Conclusions: Similarly to the genetic progression model of HNSC, this transcriptional model shows that the majority of alterations occurs before the development of malignancy and identifies key targets of transcriptional dysregulation during progression from a normal to a premalignant state and from a premalignant to a malignant state.
The progression of HNSC3 has been described from a genetic perspective, with a distinct pattern and timing of genetic alterations along a continuum of malignant transformation. These data suggest that premalignant head and neck lesions possess many of the alterations found in cancer before the development of a malignant phenotype and that most genetic alterations occur before the phenotypic expression of malignancy (1). Alterations in gene expression during tumor progression are also of significant interest, but the broad picture of altered gene expression and timing of these alterations during head and neck tumorigenesis has not yet been characterized.
The advent of gene expression profiling allows for rapid, genome-wide analysis in a standardized fashion. Many methods of normalization of gene expression, analysis of differences in gene expression among diverse groups that represent different biological states, and attempts to group different phenotypic entities based on similarities have been used to interpret the large amounts of data yielded from expression array data. In this study, we have used the SAM method as one of the effective ways of identifying particular gene products involved in differentiating transcriptional profiles between two groups (2). To examine the similarities in expression profiles between groups defined by a normal, premalignant, and malignant phenotype, we have used hierarchical clustering analysis, as well as PCA, two commonly used techniques (3).

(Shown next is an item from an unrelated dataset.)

(* In the induced continuum market $\widehat\Gamma$, let $M$ be a stable pseudo-matching and let $M'$ be obtained from $M$ by a type-1, type-2, or type-3 stable transformation. Then $M'$ is a stable pseudo-matching.
   Context: Finite firms $F$, finite workers $W=\{w_1,\dots,w_n\}$, null firm $\o$, $\widetilde F=F\cup\{\o\}$; each worker $w$ has a strict complete transitive preference $\succ_w$ over $\widetilde F$ ($f\succeq_w f'$ means $f\succ_w f'$ or $f=f'$); each firm $f\in F$ has a strict complete transitive preference $\succ_f$ over $2^W$, subsets identified with indicator vectors. For $f\in F$ list the sets $S\succ_f\emptyset$ as $\mathbf u^1\succ_f\cdots\succ_f\mathbf u^L$. For $\mathbf x\in[0,1]^W$ the procedure computing $\widehat{Ch}_f(\mathbf x)$ is: $t_0=0$, $\mathbf z^0=\mathbf x$, $t_k=\min\{1-\sum_{j<k}t_j,\ z^{k-1}_i: u^k_i\ne 0\}$, $\mathbf z^k=\mathbf z^{k-1}-t_k\mathbf u^k$ for $k=1,\dots,L$, and $\widehat{Ch}_f(\mathbf x)=\sum_k t_k\mathbf u^k$; $\widehat{Ch}_{\o}(\mathbf x)=\mathbf x$. A pseudo-matching is $M=(M_f)_{f\in\widetilde F}$ with each $M_f\in[0,1]^W$. For vectors, $\vee$ is componentwise max and $\le$ componentwise. Write $M'_f\succ_f M_f$ if $M'_f=\widehat{Ch}_f(M'_f\vee M_f)$ and $M'_f\neq M_f$. Let $A^{\preceq f}(M)(w)=\sum_{f'\in\widetilde F:f\succeq_w f'}M_{f'}(w)$. $M$ is stable if (i) $M_f=\widehat{Ch}_f(M_f)$ for each $f\in F$ and $M_f(w)=0$ whenever $\o\succ_w f$; (ii) there are no $f\in F$, $M''\in[0,1]^W$ with $M''\succ_f M_f$ and $M''\le A^{\preceq f}(M)$. Stable transformations of $M$ into $M'$: Type-1: choose $f'\in F$ such that $\sum_{j=1}^L t_j<1$ in the procedure computing $\widehat{Ch}_{f'}(M_{f'})$; set $M'_{f'}=\mathbf 0$ and $M'_f=M_f$ for $f\ne f'$. Type-2: choose $f'\in F$ and an index $k$ with $t_k>0$ in the procedure computing $\widehat{Ch}_{f'}(M_{f'})$; set $M'_{f'}=\mathbf u^k$ (for $f'$'s list) and $M'_f=M_f$ for $f\neq f'$. Type-3: choose $w'\in W$ with $M_{\o}(w')\in(0,1)$; set $M'_{\o}(w')\in\{0,1\}$, $M'_{\o}(w)=M_{\o}(w)$ for $w\ne w'$, and $M'_f=M_f$ for $f\in F$. *)

theory Defs
  imports Complex_Main
begin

The purpose of this study is to describe a transcriptional progression model for premalignant and M of the head and neck using array-based gene expression profiling. The characterization of the timing and nature of these events in the early and late stages of HNSC development yields insights into head and neck tumorigenesis, identifies novel gene expression and regulatory pathway alterations, and characterizes global transcriptional progression patterns for premalignant and malignant phenotypes. In turn, these insights may identify novel therapeutic targets that may lead to useful insights into diagnosis, surveillance, and treatment of HNSC.
MATERIALS AND METHODS
Appropriate informed consent was obtained from patients with suspected head and neck neoplasms and/or premalignant disease after approval by the Joint Committee on Clinical Investigation of the Johns Hopkins Medical Institutions. Snap-frozen mucosal tissue was obtained from 6 normal, nonsmoking, control patients without cancer diagnoses, 8 patients without a diagnosis of invasive cancer with clinically determined, leukoplakic/PM (1 squamous hyperplasia without atypia in the setting of tobacco exposure, 1 mild dysplasia, 4 moderate dysplasia, and 2 severe dysplasia/carcinoma in situ), and 7 patients with invasive carcinoma (Table 1). In addition, five samples were obtained from anatomically distinct, contralateral, unaffected mucosa from patients with lesions (3 with premalignant disease and 2 with invasive cancer). An additional pleomorphic adenoma of parotid gland origin was also used as a control.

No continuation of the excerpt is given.